lemma certified_dominating_set_other_neighbour:
  assumes "finite V" "certified_dominating_set V E D" "v \<in> D" "u \<in> V - D" "E v u"
  obtains w where "w \<in> V - D" "w \<noteq> u" "E v w"
proof -
  let ?N = "{w \<in> V - D. E v w}"
  have "finite ?N" "u \<in> ?N" using assms(1,4,5) by auto
  moreover have "card ?N = 0 \<or> 2 \<le> card ?N"
    using assms(2,3) unfolding certified_dominating_set_def by blast
  ultimately have "\<not> card ?N \<le> Suc 0" by auto
  then obtain w1 w2 where "w1 \<in> ?N" "w2 \<in> ?N" "w1 \<noteq> w2"
    using card_le_Suc0_iff_eq[OF \<open>finite ?N\<close>] by blast
  then show ?thesis using that by (cases "w1 = u") auto
qed

lemma certified_dominating_setI:
  assumes "finite V" "dominating_set V E D"
    and two: "\<And>v. v \<in> D \<Longrightarrow> \<exists>u\<in>V - D. \<exists>w\<in>V - D. u \<noteq> w \<and> E v u \<and> E v w"
  shows "certified_dominating_set V E D"
  unfolding certified_dominating_set_def
proof (intro conjI assms(2) ballI disjI2)
  fix v assume "v \<in> D"
  then obtain u w where "u \<in> V - D" "w \<in> V - D" "u \<noteq> w" "E v u" "E v w" using two by blast
  then have "card {u, w} \<le> card {x \<in> V - D. E v x}" using assms(1) by (intro card_mono) auto
  then show "2 \<le> card {x \<in> V - D. E v x}" using \<open>u \<noteq> w\<close> by simp
qed

lemma certified_domination_number_le_1_if_universal_vertex:
  assumes "finite V" "3 \<le> card V" "u \<in> V" "\<forall>w\<in>V - {u}. E u w" "\<forall>x y. E x y \<longrightarrow> E y x"
  shows "certified_domination_number V E \<le> 1"
proof -
  have "dominating_set V E {u}" using assms(3-5) unfolding dominating_set_def by blast
  moreover have "2 \<le> card (V - {u})" using assms(1-3) by simp
  then obtain w1 w2 where "w1 \<in> V - {u}" "w2 \<in> V - {u}" "w1 \<noteq> w2"
    using card_le_Suc0_iff_eq[of "V - {u}"] assms(1) by auto
  ultimately have "certified_dominating_set V E {u}"
    using assms(1,4) by (intro certified_dominating_setI) auto
  then show ?thesis using certified_domination_number_le_card[OF assms(1)] by fastforce
qed

lemma certified_dominating_set_join_part:
  assumes "finite V" "A \<union> B = V" "A \<inter> B = {}" "A \<noteq> {}" "2 \<le> card B"
    and join: "\<forall>a\<in>A. \<forall>b\<in>B. E a b \<and> E b a"
  shows "certified_dominating_set V E A"
proof (rule certified_dominating_setI)
  show "dominating_set V E A" using assms(2-4) join unfolding dominating_set_def by blast
  obtain b1 b2 where "b1 \<in> B" "b2 \<in> B" "b1 \<noteq> b2"
    using card_le_Suc0_iff_eq[of B] assms(1,2,5) by auto
  then show "\<exists>u\<in>V - A. \<exists>w\<in>V - A. u \<noteq> w \<and> E v u \<and> E v w" if "v \<in> A" for v
    using that assms(2,3) join by blast
qed fact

• _What you have to do_:
Scan the records above and report every line with the string "unfolding".

• _Answer for the task_:
    using assms(2,3) unfolding certified_dominating_set_def by blast
  unfolding certified_dominating_set_def
  have "dominating_set V E {u}" using assms(3-5) unfolding dominating_set_def by blast
  show "dominating_set V E A" using assms(2-4) join unfolding dominating_set_def by blast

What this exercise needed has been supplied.